What you need to do: Go through the material below, tally each line containing "False", and write the tally alone.

Data shown:
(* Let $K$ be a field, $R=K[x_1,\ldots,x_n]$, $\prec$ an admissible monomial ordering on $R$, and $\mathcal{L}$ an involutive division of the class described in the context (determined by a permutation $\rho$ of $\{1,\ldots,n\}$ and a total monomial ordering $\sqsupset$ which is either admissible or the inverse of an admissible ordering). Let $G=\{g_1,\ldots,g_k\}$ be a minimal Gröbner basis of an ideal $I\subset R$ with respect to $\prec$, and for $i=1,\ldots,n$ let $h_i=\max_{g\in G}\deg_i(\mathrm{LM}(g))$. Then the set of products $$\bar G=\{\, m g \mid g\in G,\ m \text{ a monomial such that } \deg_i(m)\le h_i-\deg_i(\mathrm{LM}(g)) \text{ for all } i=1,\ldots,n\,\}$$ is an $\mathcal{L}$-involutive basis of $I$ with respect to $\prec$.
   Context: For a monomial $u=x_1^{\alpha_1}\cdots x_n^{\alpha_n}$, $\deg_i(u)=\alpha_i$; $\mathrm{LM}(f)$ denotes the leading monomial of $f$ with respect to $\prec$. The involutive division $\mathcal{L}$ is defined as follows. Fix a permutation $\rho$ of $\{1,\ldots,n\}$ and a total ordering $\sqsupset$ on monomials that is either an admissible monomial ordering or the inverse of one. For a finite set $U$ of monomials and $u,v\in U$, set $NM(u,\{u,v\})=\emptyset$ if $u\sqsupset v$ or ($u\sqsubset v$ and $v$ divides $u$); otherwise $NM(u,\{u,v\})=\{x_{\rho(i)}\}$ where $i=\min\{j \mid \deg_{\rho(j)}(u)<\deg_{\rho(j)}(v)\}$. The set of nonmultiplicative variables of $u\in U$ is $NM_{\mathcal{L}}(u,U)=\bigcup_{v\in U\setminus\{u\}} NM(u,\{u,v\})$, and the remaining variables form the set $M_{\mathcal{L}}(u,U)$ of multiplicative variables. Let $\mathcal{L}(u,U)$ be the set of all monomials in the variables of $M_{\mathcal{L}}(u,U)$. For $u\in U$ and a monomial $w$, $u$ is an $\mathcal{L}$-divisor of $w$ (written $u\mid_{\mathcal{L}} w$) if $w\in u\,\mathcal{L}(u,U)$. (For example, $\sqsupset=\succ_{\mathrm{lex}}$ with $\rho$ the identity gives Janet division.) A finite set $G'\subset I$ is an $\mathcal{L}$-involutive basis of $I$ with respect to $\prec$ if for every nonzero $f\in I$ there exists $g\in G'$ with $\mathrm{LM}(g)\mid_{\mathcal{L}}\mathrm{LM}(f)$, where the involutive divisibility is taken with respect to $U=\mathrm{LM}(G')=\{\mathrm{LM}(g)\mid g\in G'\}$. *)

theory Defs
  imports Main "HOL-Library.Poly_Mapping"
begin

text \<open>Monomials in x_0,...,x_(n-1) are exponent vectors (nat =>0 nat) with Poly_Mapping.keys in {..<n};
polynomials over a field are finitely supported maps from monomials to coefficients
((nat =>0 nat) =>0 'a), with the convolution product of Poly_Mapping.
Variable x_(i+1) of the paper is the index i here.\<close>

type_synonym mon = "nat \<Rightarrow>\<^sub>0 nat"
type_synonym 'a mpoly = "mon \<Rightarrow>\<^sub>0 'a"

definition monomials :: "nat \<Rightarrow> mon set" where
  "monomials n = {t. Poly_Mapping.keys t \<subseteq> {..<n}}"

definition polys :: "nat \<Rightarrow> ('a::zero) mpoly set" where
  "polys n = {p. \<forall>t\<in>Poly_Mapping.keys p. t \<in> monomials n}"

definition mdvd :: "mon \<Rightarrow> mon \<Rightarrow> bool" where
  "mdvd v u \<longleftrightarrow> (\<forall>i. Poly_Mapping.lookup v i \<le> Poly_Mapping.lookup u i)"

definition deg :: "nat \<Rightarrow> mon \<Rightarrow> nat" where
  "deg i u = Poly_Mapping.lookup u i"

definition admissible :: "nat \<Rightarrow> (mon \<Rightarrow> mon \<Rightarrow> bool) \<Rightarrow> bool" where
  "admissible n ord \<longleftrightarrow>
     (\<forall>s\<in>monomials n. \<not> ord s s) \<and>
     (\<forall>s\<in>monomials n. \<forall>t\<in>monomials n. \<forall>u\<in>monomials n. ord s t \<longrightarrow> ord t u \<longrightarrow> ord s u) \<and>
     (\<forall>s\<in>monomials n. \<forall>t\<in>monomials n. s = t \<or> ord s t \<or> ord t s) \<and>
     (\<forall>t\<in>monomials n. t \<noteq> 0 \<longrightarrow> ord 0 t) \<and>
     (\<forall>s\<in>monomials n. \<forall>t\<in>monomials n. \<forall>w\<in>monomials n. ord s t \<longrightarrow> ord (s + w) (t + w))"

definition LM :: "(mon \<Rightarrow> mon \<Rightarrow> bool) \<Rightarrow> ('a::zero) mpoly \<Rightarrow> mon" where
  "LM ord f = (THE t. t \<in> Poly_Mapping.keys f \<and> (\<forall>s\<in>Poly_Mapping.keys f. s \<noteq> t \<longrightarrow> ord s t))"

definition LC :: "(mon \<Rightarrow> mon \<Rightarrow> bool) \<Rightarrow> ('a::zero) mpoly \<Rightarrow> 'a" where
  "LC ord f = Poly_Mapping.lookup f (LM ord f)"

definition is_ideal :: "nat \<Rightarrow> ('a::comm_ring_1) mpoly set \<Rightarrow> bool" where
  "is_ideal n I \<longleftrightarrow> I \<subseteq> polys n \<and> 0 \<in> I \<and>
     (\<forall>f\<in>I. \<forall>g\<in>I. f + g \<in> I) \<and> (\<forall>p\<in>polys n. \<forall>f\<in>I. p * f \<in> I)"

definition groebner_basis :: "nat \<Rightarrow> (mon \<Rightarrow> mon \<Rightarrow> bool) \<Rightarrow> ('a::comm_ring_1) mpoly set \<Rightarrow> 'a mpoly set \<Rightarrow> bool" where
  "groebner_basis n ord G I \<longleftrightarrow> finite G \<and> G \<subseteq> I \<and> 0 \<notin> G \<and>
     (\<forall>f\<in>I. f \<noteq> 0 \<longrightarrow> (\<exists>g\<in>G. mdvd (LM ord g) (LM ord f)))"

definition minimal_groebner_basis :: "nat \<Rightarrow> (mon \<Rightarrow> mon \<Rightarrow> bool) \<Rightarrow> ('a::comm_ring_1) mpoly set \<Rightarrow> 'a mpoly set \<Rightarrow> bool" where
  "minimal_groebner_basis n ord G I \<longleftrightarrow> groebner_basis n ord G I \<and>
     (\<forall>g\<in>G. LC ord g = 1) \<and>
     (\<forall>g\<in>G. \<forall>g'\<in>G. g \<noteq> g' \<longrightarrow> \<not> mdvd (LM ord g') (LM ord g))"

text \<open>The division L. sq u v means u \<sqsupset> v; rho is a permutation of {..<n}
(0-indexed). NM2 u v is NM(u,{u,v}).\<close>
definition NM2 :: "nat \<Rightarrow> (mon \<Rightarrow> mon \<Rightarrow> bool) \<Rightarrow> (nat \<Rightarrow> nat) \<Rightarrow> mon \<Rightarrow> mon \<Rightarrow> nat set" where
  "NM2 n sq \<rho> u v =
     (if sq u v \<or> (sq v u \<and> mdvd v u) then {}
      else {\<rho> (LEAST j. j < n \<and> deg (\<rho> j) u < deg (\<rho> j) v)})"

--

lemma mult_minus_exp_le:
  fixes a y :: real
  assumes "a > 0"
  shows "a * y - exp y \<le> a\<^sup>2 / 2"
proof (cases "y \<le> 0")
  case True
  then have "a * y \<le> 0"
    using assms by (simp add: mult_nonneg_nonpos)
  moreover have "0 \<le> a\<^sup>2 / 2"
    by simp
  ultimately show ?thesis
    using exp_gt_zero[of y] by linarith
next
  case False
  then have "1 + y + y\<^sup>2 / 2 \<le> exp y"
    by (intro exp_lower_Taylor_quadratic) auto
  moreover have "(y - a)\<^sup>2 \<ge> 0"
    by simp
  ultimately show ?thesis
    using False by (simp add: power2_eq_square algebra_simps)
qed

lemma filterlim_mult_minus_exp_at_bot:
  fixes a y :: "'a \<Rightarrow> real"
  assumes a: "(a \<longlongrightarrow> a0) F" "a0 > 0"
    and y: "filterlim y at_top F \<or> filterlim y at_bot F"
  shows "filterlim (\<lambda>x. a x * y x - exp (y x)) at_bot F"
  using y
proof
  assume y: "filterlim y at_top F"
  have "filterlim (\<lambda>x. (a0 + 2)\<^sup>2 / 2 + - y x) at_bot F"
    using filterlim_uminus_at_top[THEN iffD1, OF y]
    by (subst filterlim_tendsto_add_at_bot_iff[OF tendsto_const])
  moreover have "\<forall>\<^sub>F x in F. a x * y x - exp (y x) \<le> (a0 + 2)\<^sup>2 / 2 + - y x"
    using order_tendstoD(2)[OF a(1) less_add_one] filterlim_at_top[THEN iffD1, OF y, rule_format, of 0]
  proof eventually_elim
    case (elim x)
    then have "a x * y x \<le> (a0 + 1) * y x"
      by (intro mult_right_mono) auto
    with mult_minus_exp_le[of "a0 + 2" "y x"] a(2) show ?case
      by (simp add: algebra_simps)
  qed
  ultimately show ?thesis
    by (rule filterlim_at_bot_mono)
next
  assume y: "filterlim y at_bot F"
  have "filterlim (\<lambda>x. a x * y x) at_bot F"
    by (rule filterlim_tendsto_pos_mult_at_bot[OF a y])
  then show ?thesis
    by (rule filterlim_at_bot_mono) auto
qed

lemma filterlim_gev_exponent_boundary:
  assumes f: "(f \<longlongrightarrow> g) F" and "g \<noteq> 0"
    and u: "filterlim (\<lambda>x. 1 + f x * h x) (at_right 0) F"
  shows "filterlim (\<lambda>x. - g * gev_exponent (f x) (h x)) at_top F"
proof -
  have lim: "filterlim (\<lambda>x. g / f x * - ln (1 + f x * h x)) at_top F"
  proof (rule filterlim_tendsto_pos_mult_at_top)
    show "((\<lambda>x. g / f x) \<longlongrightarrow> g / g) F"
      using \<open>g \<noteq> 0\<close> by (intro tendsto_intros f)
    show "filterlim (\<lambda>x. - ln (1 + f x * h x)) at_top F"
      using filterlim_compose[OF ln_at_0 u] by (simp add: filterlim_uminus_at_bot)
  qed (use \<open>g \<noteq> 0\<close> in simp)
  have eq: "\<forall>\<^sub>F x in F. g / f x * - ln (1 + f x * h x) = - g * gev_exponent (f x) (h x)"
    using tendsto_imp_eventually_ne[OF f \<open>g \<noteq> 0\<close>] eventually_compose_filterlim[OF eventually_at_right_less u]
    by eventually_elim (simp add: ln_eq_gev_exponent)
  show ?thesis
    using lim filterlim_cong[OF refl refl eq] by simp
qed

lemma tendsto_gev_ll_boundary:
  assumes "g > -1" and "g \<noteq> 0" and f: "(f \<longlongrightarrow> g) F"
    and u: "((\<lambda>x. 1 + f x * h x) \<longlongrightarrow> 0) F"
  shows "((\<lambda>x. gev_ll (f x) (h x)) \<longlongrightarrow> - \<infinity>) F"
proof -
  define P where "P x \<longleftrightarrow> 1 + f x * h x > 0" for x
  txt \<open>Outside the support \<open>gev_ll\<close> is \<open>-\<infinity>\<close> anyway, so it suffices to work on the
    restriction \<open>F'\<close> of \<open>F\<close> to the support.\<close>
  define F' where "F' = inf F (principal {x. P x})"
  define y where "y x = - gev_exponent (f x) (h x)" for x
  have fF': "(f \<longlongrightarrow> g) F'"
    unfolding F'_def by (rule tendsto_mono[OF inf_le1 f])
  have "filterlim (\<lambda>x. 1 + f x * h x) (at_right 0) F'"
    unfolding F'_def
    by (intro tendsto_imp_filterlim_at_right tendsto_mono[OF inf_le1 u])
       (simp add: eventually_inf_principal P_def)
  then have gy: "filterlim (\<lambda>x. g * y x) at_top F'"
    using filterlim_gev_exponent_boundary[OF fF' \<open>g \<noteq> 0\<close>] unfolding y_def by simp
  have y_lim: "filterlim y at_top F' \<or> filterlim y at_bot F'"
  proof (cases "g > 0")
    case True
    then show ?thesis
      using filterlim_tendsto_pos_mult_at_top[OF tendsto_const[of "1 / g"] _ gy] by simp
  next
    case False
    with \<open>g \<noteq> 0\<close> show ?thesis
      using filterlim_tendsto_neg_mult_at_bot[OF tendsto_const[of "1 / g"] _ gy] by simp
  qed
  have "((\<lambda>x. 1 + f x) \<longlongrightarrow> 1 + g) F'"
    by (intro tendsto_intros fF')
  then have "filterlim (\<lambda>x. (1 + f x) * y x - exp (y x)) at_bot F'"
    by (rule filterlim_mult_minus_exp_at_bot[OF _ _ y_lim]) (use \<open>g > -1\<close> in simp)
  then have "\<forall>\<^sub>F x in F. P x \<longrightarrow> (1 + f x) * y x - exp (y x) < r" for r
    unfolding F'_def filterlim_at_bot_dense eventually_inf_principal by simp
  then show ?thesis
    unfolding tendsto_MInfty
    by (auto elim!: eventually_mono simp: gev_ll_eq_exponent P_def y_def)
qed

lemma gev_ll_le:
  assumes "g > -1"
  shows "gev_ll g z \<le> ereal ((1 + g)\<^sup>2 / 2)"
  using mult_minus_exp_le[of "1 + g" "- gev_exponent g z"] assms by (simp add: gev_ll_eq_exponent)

Solution to this problem: 3